All told, the marching Bruins are 115 strong, with 10 color-guard members, 10 auxiliary percussionists who play on the sidelines (known as the pit) and 95 others who march and play on the field. Band camp’s purpose is to condition the group for a grueling marching season.

“Stay focused,” band director Stephen Mathews called as he surveyed the marching block, the overall name for the formation. “Stay focused and that will be the difference.”

At his command, the band members froze mid-stride, one leg kicked backward, calves tight, torsos rigid. It was almost noon, and the sun offered no mercy.

Mathews is beginning his second year as director of bands at Rock Bridge and sees this year as a chance to build off of last year’s success. After winning the “Best Out-of-State Band” at the Echoes Off the River Marching Band Competition in Alton, Ill., and placing fifth out of the 21 bands that competed at the MU Champions of Champions Marching Band Competition, Mathews and his staff think their students are ready for more.

“There’s a sense of determination to do better,” Mathews said.

When he arrived last year from the State of California, his students were faced with a marching band style that emphasized form and technique. Mathews thinks that after a year of instructing, he and his group have developed a good rapport.

“The moment the kids come in the band room, they know what to expect and what is expected of them,” Mathews said.

Though the band’s first halftime football performance is still almost a month away — Rock Bridge versus DeSmet on Aug. 31 — and their first competition, the Odessa Marching Competition, isn’t until Oct. 6, its senior leaders are eager to get the season under way.

“You know it’s your last year, and you want to do your best,” said Fritz Laun, who leads the 10-member drum line. As section leader, Laun is the lead snare drummer and is responsible for making sure the two other snare drummers, five bass drummers and two “quints” — five-headed tenor drums — keep the beat going, which is critical for the rest of the band.

Laun thinks this will be his best year as a marching Bruin and sees Mathews’ desire to build the program through fundamentals the key that will make the difference in competition.

“We’re doing a lot more work on technique and details,” Laun said. “(Mathews) is going all out.”

Senior Will Schauwecker also wants to make this season count, switching from his familiar saxophone to the foreign trombone and making other sacrifices for the sake of the band.

“I decided not to play football so I could focus on music,” said Schauwecker, who played wide receiver for the Bruins. “A lot of people don’t know, they don’t see the work, the effort we put in here.”

Schauwecker sees the two-week camp and the Monday to Friday practices once the school year begins as necessary for success.

“We can learn the music and that way it becomes secondary while you’re marching,” he said.

Drum major Brittany Schlager said the show the band will take to competition, called “The Chase,” incorporates the dramatic score from the 2005 version of “King Kong.”

“It’ll be a push and pull,” Schlager said of the music. “You’ll be able to feel the pulse of the band and it’ll seem like you’re the hunted.”

Schlager and the other drum major, junior Kathy Trabue, have to put in extra hours to be sure they know the music and the drill from memory.
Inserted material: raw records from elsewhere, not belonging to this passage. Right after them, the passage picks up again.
(* Let $p$ be an odd prime and $a\in\mathbb Z_p$ with $a\not\equiv 0,-1\pmod p$. Then, as polynomials in an indeterminate $t$ with coefficients in $\mathbb Z_p$ (congruence coefficientwise), $$\sum_{k=0}^{p-2}\binom ak\binom{-1-a}k\binom{2k}k\frac{(-t(t+1))^k}{k+1}\equiv\Big(\sum_{k=0}^{p-1}\binom ak\binom{-1-a}k(-t)^k\Big)^2-\frac{t+1}{a(a+1)t}\Big(\sum_{k=0}^{p-1}\binom ak\binom{-1-a}k k(-t)^k\Big)^2\pmod{p^2},$$ where the last term is a polynomial in $t$ since the squared sum is divisible by $t^2$.
   Context: $\mathbb Z_p$ denotes the set of rational numbers whose denominator is not divisible by $p$; for $u,v\in\mathbb Z_p$, $u\equiv v\pmod{p^r}$ means $(u-v)/p^r\in\mathbb Z_p$. For $a$ rational, the generalized binomial coefficient is $\binom a0=1$ and $\binom ak=\frac{a(a-1)\cdots(a-k+1)}{k!}$ for $k\ge1$. *)

theory Defs
  imports "HOL-Computational_Algebra.Polynomial" "HOL-Computational_Algebra.Primes"
begin

text \<open>Z_p: rationals whose (reduced) denominator is not divisible by p.\<close>
definition p_integral :: "nat \<Rightarrow> rat \<Rightarrow> bool" where
  "p_integral p q \<longleftrightarrow> \<not> (int p dvd snd (quotient_of q))"

definition cong_pp :: "nat \<Rightarrow> nat \<Rightarrow> rat \<Rightarrow> rat \<Rightarrow> bool" where
  "cong_pp p r u v \<longleftrightarrow> p_integral p ((u - v) / of_nat (p ^ r))"

definition poly_cong_pp :: "nat \<Rightarrow> nat \<Rightarrow> rat poly \<Rightarrow> rat poly \<Rightarrow> bool" where
  "poly_cong_pp p r P Q \<longleftrightarrow> (\<forall>n. cong_pp p r (coeff P n) (coeff Q n))"

end

theory Submission
  imports Defs
begin

text \<open>
  Put \<open>x = a (a + 1)\<close>. Then \<open>binom(a, k) binom(-1 - a, k) = \<Prod>j<k. (j (j + 1) - x) / (j + 1)\<^sup>2\<close>,
  so \<open>x\<close> times the difference of the two sides is a polynomial \<open>D\<^sub>x(t)\<close> whose coefficients are
  polynomials in \<open>x\<close> with \<open>p\<close>-integral coefficients: only the denominators \<open>(j + 1)\<^sup>2\<close> and
  \<open>k + 1\<close> with \<open>j, k < p - 1\<close> occur.

  For \<open>x = n (n + 1)\<close> with \<open>n \<le> p - 2\<close> all sums terminate and \<open>D\<^sub>x = 0\<close> exactly:
  \<open>S = \<Sum> binom(a, k) binom(-1 - a, k) (-t)\<^sup>k\<close> solves Legendre's equation
  \<open>t (t + 1) S'' + (1 + 2 t) S' = x S\<close>, Clausen's formula
  \<open>S\<^sup>2 = \<Sum> binom(a, k) binom(-1 - a, k) binom(2k, k) (-t (t + 1))\<^sup>k\<close> holds because both sides
  are killed by the symmetric square of Legendre's operator and agree at \<open>t = 0\<close>, and integrating
  \<open>(t (t + 1) (x S\<^sup>2 - t (t + 1) S'\<^sup>2))' = x (1 + 2 t) S\<^sup>2\<close> gives \<open>D\<^sub>x = 0\<close>.

  Now let \<open>a \<equiv> n (mod p)\<close>; the hypotheses force \<open>1 \<le> n \<le> p - 2\<close>. Every coefficient \<open>d\<close> of
  \<open>D\<close> vanishes at \<open>n (n + 1)\<close> and at \<open>(p - 1 - n) (p - n)\<close>, and \<open>x\<close> differs from both roots
  by a multiple of \<open>p\<close>. Writing \<open>d(X) = (X - n (n + 1)) q(X)\<close>, the polynomial \<open>q\<close> vanishes at
  the other root, so \<open>p\<close> divides \<open>q(x)\<close> and \<open>p\<^sup>2\<close> divides \<open>d(x)\<close>.
\<close>

section \<open>Legendre's equation and Clausen's formula\<close>

lemma pcompose_numeral [simp]: "pcompose (numeral n) q = (numeral n :: 'a::comm_semiring_1 poly)"
  by (simp add: numeral_poly)

lemma pcompose_X [simp]: "pcompose [:0, 1:] q = (q :: 'a::comm_semiring_1 poly)"
  by (simp add: pcompose_pCons)

lemma pcompose_power: "pcompose (p ^ n) q = (pcompose p q) ^ n"
  by (induction n) (simp_all add: pcompose_mult pcompose_1)

abbreviation pronic :: "'a::comm_semiring_1 poly" where
  "pronic \<equiv> [:0, 1:] * ([:0, 1:] + 1)"

lemma pderiv_pronic: "pderiv (pronic :: 'a::idom poly) = 1 + 2 * [:0, 1:]"
  by (simp add: pderiv_mult pderiv_add pderiv_pCons algebra_simps one_pCons numeral_poly)

lemma pderiv_one_plus_two_X: "pderiv (1 + 2 * [:0, 1:] :: 'a::idom poly) = 2"
  by (simp add: pderiv_add pderiv_mult pderiv_pCons)

lemma one_plus_two_X_squared: "(1 + 2 * [:0, 1:])^2 = (1 + 4 * pronic :: 'a::idom poly)"
  by (simp add: algebra_simps power2_eq_square)

definition euler_op :: "'a::idom poly \<Rightarrow> 'a poly" where
  "euler_op P = [:0, 1:] * pderiv P"

lemma coeff_euler_op [simp]: "coeff (euler_op P) k = of_nat k * coeff P k"
  unfolding euler_op_def by (cases k) (simp_all add: coeff_pderiv)

lemma euler_op_twice:
  "[:0, 1:]^2 * pderiv (pderiv P) = euler_op (euler_op P) - euler_op (P :: 'a::idom poly)"
  unfolding euler_op_def by (simp add: pderiv_mult pderiv_pCons algebra_simps power2_eq_square)

lemma euler_op_thrice:
  "[:0, 1:]^3 * pderiv (pderiv (pderiv P))
     = euler_op (euler_op (euler_op P)) - 3 * euler_op (euler_op P) + 2 * euler_op (P :: 'a::idom poly)"
  unfolding euler_op_def
  by (simp add: pderiv_mult pderiv_add pderiv_pCons algebra_simps power3_eq_cube numeral_3_eq_3 numeral_2_eq_2)

text \<open>Legendre's equation \<open>(1 - z\<^sup>2) y'' - 2 z y' + a (a + 1) y = 0\<close> in the variable
  \<open>t = (z - 1) / 2\<close>, with \<open>x = a (a + 1)\<close>.\<close>
definition legendre_ode :: "'a::idom \<Rightarrow> 'a poly \<Rightarrow> bool" where
  "legendre_ode x S \<longleftrightarrow> pronic * pderiv (pderiv S) + (1 + 2 * [:0, 1:]) * pderiv S = [:x:] * S"

lemma legendre_ode_if_coeff_rec:
  fixes S :: "'a::idom poly"
  assumes rec: "\<And>k. of_nat ((k + 1)^2) * coeff S (Suc k) = (x - of_nat (k * (k + 1))) * coeff S k"
  shows "legendre_ode x S"
proof -
  have "[:0, 1:] * (pronic * pderiv (pderiv S) + (1 + 2 * [:0, 1:]) * pderiv S - [:x:] * S)
      = euler_op (euler_op S) + [:0, 1:] * (euler_op (euler_op S) + euler_op S - [:x:] * S)"
  proof -
    have "[:0, 1:] * pderiv S = euler_op S" unfolding euler_op_def ..
    with euler_op_twice[of S] show ?thesis by algebra
  qed
  also have "\<dots> = 0"
  proof (rule poly_eqI)
    fix k
    show "coeff (euler_op (euler_op S) + [:0, 1:] * (euler_op (euler_op S) + euler_op S - [:x:] * S)) k = coeff 0 k"
      using rec[of "k - 1"] by (cases k) (simp_all add: algebra_simps power2_eq_square)
  qed
  finally show ?thesis unfolding legendre_ode_def by simp
qed

text \<open>The symmetric square of Legendre's operator: it annihilates the product of any two
  solutions of \<open>legendre_ode x\<close>.\<close>
definition sym_square_op :: "'a::idom \<Rightarrow> 'a poly \<Rightarrow> 'a poly" where
  "sym_square_op x w = pronic^2 * pderiv (pderiv (pderiv w))
     + 3 * pronic * (1 + 2 * [:0, 1:]) * pderiv (pderiv w)
     + ((1 + 2 * [:0, 1:])^2 + (2 - 4 * [:x:]) * pronic) * pderiv w
     - 2 * [:x:] * (1 + 2 * [:0, 1:]) * w"

lemma sym_square_op_diff: "sym_square_op x (v - w) = sym_square_op x v - sym_square_op x w"
  unfolding sym_square_op_def pderiv_diff by algebra

lemma monom_1_dvd_euler_op: "monom 1 n dvd P \<Longrightarrow> monom 1 n dvd euler_op P"
  by (simp add: monom_1_dvd_iff')

lemma X_mult_sym_square_op:
  fixes w :: "'a::idom poly"
  shows "[:0, 1:] * sym_square_op x w = euler_op (euler_op (euler_op w)) + [:0, 1:] *
    ((2 + [:0, 1:]) * (euler_op (euler_op (euler_op w)) - 3 * euler_op (euler_op w) + 2 * euler_op w)
      + 3 * (3 + 2 * [:0, 1:]) * (euler_op (euler_op w) - euler_op w)
      + (6 - 4 * [:x:]) * (1 + [:0, 1:]) * euler_op w - 2 * [:x:] * (1 + 2 * [:0, 1:]) * w)"
proof -
  have ring_identity: "t * ((t * (t + 1))^2 * w3 + 3 * (t * (t + 1)) * (1 + 2 * t) * w2
        + ((1 + 2 * t)^2 + (2 - 4 * c) * (t * (t + 1))) * w1 - 2 * c * (1 + 2 * t) * w)
      = e3 + t * ((2 + t) * (e3 - 3 * e2 + 2 * e1) + 3 * (3 + 2 * t) * (e2 - e1)
        + (6 - 4 * c) * (1 + t) * e1 - 2 * c * (1 + 2 * t) * w)"
    if "t^3 * w3 = e3 - 3 * e2 + 2 * e1" "t^2 * w2 = e2 - e1" "t * w1 = e1"
    for t c w1 w2 w3 e1 e2 e3 :: "'a poly"
    using that by algebra
  show ?thesis
    unfolding sym_square_op_def
    by (rule ring_identity[OF euler_op_thrice euler_op_twice euler_op_def[symmetric]])
qed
They are also expected to be leaders for the experienced upperclassmen and a liaison for the incoming sophomores.

“We’re a buffer,” Trabue said, referring to the position of drum major. “We’re trying get (the sophomores) to focus, to have a passion for it. We’re trying to get them to care.”
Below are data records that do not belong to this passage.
lemma roots_weak_conv_subseq_unique:
  assumes "roots_weak_conv p \<mu>" and "strict_mono r" and "roots_weak_conv (\<lambda>m. p (r m)) \<nu>"
  shows "roots_weak_conv p \<nu>"
  unfolding roots_weak_conv_def
proof (intro allI impI)
  fix f :: "complex \<Rightarrow> real"
  assume f: "continuous_on UNIV f \<and> bounded (range f)"
  then have lim: "(\<lambda>n. root_integral (p n) f) \<longlonglongrightarrow> integral\<^sup>L \<mu> f"
    using assms(1) unfolding roots_weak_conv_def by blast
  from LIMSEQ_subseq_LIMSEQ[OF this assms(2)]
  have "(\<lambda>m. root_integral (p (r m)) f) \<longlonglongrightarrow> integral\<^sup>L \<mu> f"
    by (simp add: o_def)
  moreover have "(\<lambda>m. root_integral (p (r m)) f) \<longlonglongrightarrow> integral\<^sup>L \<nu> f"
    using assms(3) f unfolding roots_weak_conv_def by blast
  ultimately have "integral\<^sup>L \<mu> f = integral\<^sup>L \<nu> f"
    by (rule LIMSEQ_unique)
  with lim show "(\<lambda>n. root_integral (p n) f) \<longlonglongrightarrow> integral\<^sup>L \<nu> f"
    by simp
qed

section \<open>Asymptotics of the parameters\<close>

lemma unbounded_subseq:
  fixes f :: "nat \<Rightarrow> real"
  assumes "\<not> bdd_above (range f)"
  obtains r where "strict_mono r" "\<And>m. real m \<le> f (r m)"
proof -
  have large: "\<exists>n > N. K \<le> f n" for N K
  proof (rule ccontr)
    assume "\<not> (\<exists>n > N. K \<le> f n)"
    then have "f n \<le> max K (Max (f ` {..N}))" for n
      by (cases "n \<le> N") (auto simp: not_le le_max_iff_disj intro: Max_ge)
    with assms show False
      by (auto simp: bdd_above_def)
  qed
  have "\<exists>r. \<forall>m. real m \<le> f (r m) \<and> r m < r (Suc m)"
  proof (rule dependent_nat_choice)
    show "\<exists>n. real 0 \<le> f n"
      using large[of 0 0] by auto
    show "\<exists>n'. real (Suc m) \<le> f n' \<and> n < n'" for m n
      using large[of n "real (Suc m)"] by auto
  qed
  then obtain r where r: "\<And>m. real m \<le> f (r m)" "\<And>m. r m < r (Suc m)"
    by blast
  have "strict_mono r"
    using r(2) by (simp add: strict_mono_Suc_iff)
  then show ?thesis
    using r(1) by (rule that)
qed
lemma arc_expsum_norm_le:
  fixes p :: "complex poly"
  assumes "\<And>x. \<bar>x\<bar> \<le> 1 \<Longrightarrow> cmod (poly p (of_real x)) \<le> 1" and "\<delta> > 0"
  obtains \<epsilon>\<^sub>0 where "\<epsilon>\<^sub>0 > 0"
    and "\<And>\<epsilon> t. 0 < \<epsilon> \<Longrightarrow> \<epsilon> \<le> \<epsilon>\<^sub>0 \<Longrightarrow> t \<in> {0..1} \<Longrightarrow>
      cmod (iexp (\<epsilon> * t) * poly p (segment_arc \<epsilon> t)) \<le> 1 + \<delta>"
proof -
  have "uniformly_continuous_on (cball 0 2) (poly p)"
    by (intro compact_uniformly_continuous continuous_intros) auto
  then obtain \<rho> where "\<rho> > 0"
    and \<rho>: "\<And>z w. z \<in> cball 0 2 \<Longrightarrow> w \<in> cball 0 2 \<Longrightarrow> dist z w < \<rho> \<Longrightarrow> dist (poly p z) (poly p w) < \<delta>"
    using assms(2) unfolding uniformly_continuous_on_def by metis
  show thesis
  proof
    show "min 1 (\<rho> / 2) > 0"
      using \<open>\<rho> > 0\<close> by simp
  next
    fix \<epsilon> t :: real
    assume \<epsilon>: "0 < \<epsilon>" "\<epsilon> \<le> min 1 (\<rho> / 2)" and t: "t \<in> {0..1}"
    define x where "x = 1 - 2 * t"
    have "\<bar>x\<bar> \<le> 1"
      using t by (auto simp: x_def)
    have "cmod (segment_arc \<epsilon> t - of_real x) \<le> \<epsilon> * t\<^sup>2"
      using norm_segment_arc_minus_segment[OF \<epsilon>(1)] by (simp add: x_def)
    also have "\<dots> \<le> \<epsilon>"
      using t \<epsilon>(1) by (auto intro!: mult_left_le simp: power_le_one)
    finally have close: "dist (segment_arc \<epsilon> t) (of_real x) \<le> \<epsilon>"
      by (simp add: dist_norm)
    have "of_real x \<in> cball (0 :: complex) 2"
      using \<open>\<bar>x\<bar> \<le> 1\<close> by simp
    moreover have "segment_arc \<epsilon> t \<in> cball 0 2"
      using close \<open>\<bar>x\<bar> \<le> 1\<close> \<epsilon>(2) dist_triangle[of 0 "segment_arc \<epsilon> t" "of_real x"]
      by (simp add: dist_commute)
    ultimately have "dist (poly p (segment_arc \<epsilon> t)) (poly p (of_real x)) < \<delta>"
      using \<rho> close \<epsilon>(2) \<open>\<rho> > 0\<close> by simp
    then have "cmod (poly p (segment_arc \<epsilon> t)) < 1 + \<delta>"
      using assms(1)[OF \<open>\<bar>x\<bar> \<le> 1\<close>] norm_triangle_ineq2[of "poly p (segment_arc \<epsilon> t)" "poly p (of_real x)"]
      by (simp add: dist_norm)
    then show "cmod (iexp (\<epsilon> * t) * poly p (segment_arc \<epsilon> t)) \<le> 1 + \<delta>"
      by (simp add: norm_mult)
  qed
qed

lemma supnorm01_le: "(\<And>t. t \<in> {0..1} \<Longrightarrow> cmod (f t) \<le> B) \<Longrightarrow> supnorm01 f \<le> B"
  unfolding supnorm01_def by (rule cSUP_least) auto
Although Mathews expects to see his group do better at competition, ultimately, he isn’t thinking about winning.

“I want to see improvement over last year,” he said. “Every competition scores differently, but we’ll know if we did better.”
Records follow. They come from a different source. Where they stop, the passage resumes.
lemma additive_char_sum_poly_family_eq_0:
  fixes \<alpha> :: "'a::{field,finite}"
  assumes "prime p" "0 < n" "q = p ^ n" "0 < r" "r < d"
    and "card (UNIV :: 'a set) = q ^ r"
    and "additive_char_prime_field p \<psi>" "nontrivial_on_prime_field p \<psi>"
    and "\<alpha> \<noteq> 0" "\<not> (p dvd r \<and> \<alpha> ^ (q ^ (r div p)) = \<alpha>)"
  shows "(\<Sum>f\<in>poly_family p q d. \<psi> (abs_trace p (n * r) (poly f \<alpha>))) = 0"
proof -
  have card: "card (UNIV :: 'a set) = p ^ (n * r)" using assms(3,6) by (simp add: power_mult)
  have char: "CHAR('a) = p" by (rule CHAR_eq_prime_if_card_prime_power[OF assms(1) card])
  have prime_char: "prime CHAR('a)" "p = CHAR('a) ^ 1" "q = CHAR('a) ^ n"
    using char assms(1,3) by simp_all
  obtain i where i: "0 < i" "i \<le> r" "\<not> p dvd i" "abs_trace q r (\<alpha> ^ i) \<noteq> 0"
    using power_rel_trace_nonzero_exists[OF prime_char(1) assms(9) _ assms(4)]
      power_card_eq_self[of \<alpha>] assms(6,10) char by auto
  obtain x where x: "x ^ p = x" "\<psi> x \<noteq> 1"
    using assms(8) by (auto simp: nontrivial_on_prime_field_def subfield_of_order_def)
  obtain a where a: "a ^ q = a" "abs_trace p (n * r) (a * \<alpha> ^ i) = x"
    using abs_trace_mult_surj[OF assms(1,3,6,2,4) x(1) i(4)] by blast
  have "abs_trace p (n * r) y ^ p = abs_trace p (n * r) y" for y :: 'a
    using abs_trace_power_eq_self[OF prime_char(1,2)] power_card_eq_self[of y] card by simp
  then have \<psi>_trace_add:
    "\<psi> (abs_trace p (n * r) (y + z)) = \<psi> (abs_trace p (n * r) y) * \<psi> (abs_trace p (n * r) z)"
    for y z :: 'a
    using assms(7) abs_trace_add[OF prime_char(1,2)]
    by (simp add: additive_char_prime_field_def subfield_of_order_def)
  have "(- a) ^ q = - a" using minus_power_CHAR_power[OF prime_char(1)] a(1) prime_char(3) by simp
  show ?thesis
  proof (rule sum_eq_0_if_translation_scales[where g = "monom a i" and c = "\<psi> x"])
    fix f :: "'a poly" assume f: "f \<in> poly_family p q d"
    have "i < d" using i(2) assms(5) by simp
    show "f + monom a i \<in> poly_family p q d"
      by (rule poly_family_add_monom[OF prime_char(1,3) f \<open>i < d\<close> i(3) a(1)])
    show "f - monom a i \<in> poly_family p q d"
      using poly_family_add_monom[OF prime_char(1,3) f \<open>i < d\<close> i(3) \<open>(- a) ^ q = - a\<close>]
      by (simp flip: minus_monom)
    show "\<psi> (abs_trace p (n * r) (poly (f + monom a i) \<alpha>))
      = \<psi> x * \<psi> (abs_trace p (n * r) (poly f \<alpha>))"
      by (simp add: poly_monom \<psi>_trace_add a(2))
  qed (use x(2) in simp)
qed

theorem lemma2:
  fixes p n q d r :: nat and \<psi> :: "'a::{field,finite} \<Rightarrow> complex" and \<alpha> :: 'a
  assumes "prime p" and "0 < n" and "q = p ^ n"
    and "coprime d p"
    and "0 < r" and "r < d"
    and "card (UNIV :: 'a set) = q ^ r"
    and "additive_char_prime_field p \<psi>" and "nontrivial_on_prime_field p \<psi>"
  shows "(\<Sum>f\<in>poly_family p q d. \<psi> (abs_trace p (n * r) (poly f \<alpha>)))
           / of_nat (card (poly_family p q d :: 'a poly set))
         = (if \<alpha> = 0 \<or> (p dvd r \<and> \<alpha> \<in> subfield_of_order (q ^ (r div p))) then 1 else 0)"
proof (cases "\<alpha> = 0 \<or> (p dvd r \<and> \<alpha> \<in> subfield_of_order (q ^ (r div p)))")
  case True
  have "CHAR('a) = p"
    using CHAR_eq_prime_if_card_prime_power[OF assms(1)] assms(3,7) by (metis power_mult)
  then have "\<psi> (abs_trace p (n * r) (poly f \<alpha>)) = 1" if "f \<in> poly_family p q d" for f
    using abs_trace_poly_eq_0[OF _ assms(1,3) that] True
      additive_char_zero[OF assms(8) prime_gt_0_nat[OF assms(1)]]
    by (simp add: subfield_of_order_def)
  moreover have "card (poly_family p q d :: 'a poly set) \<noteq> 0"
    using monom_one_mem_poly_family[OF assms(1,4)] poly_family_finite assms(3)
      prime_gt_0_nat[OF assms(1)]
    by (metis card_0_eq empty_iff zero_less_power)
  ultimately show ?thesis using True by simp
next
  case False
  then show ?thesis
    using additive_char_sum_poly_family_eq_0[OF assms(1-3,5-9)] by (simp add: subfield_of_order_def)
qed

end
Mathews believes the hard work and practice the band is putting in will benefit them beyond the marching season.

“Valuable life skills such as teamwork, commitment and working towards a goal are byproducts of the marching band experience,” he said.

And he wants his students to come away from their marching band experience with a love for music. “We’re trying to make kids to be patrons of music, of the arts.”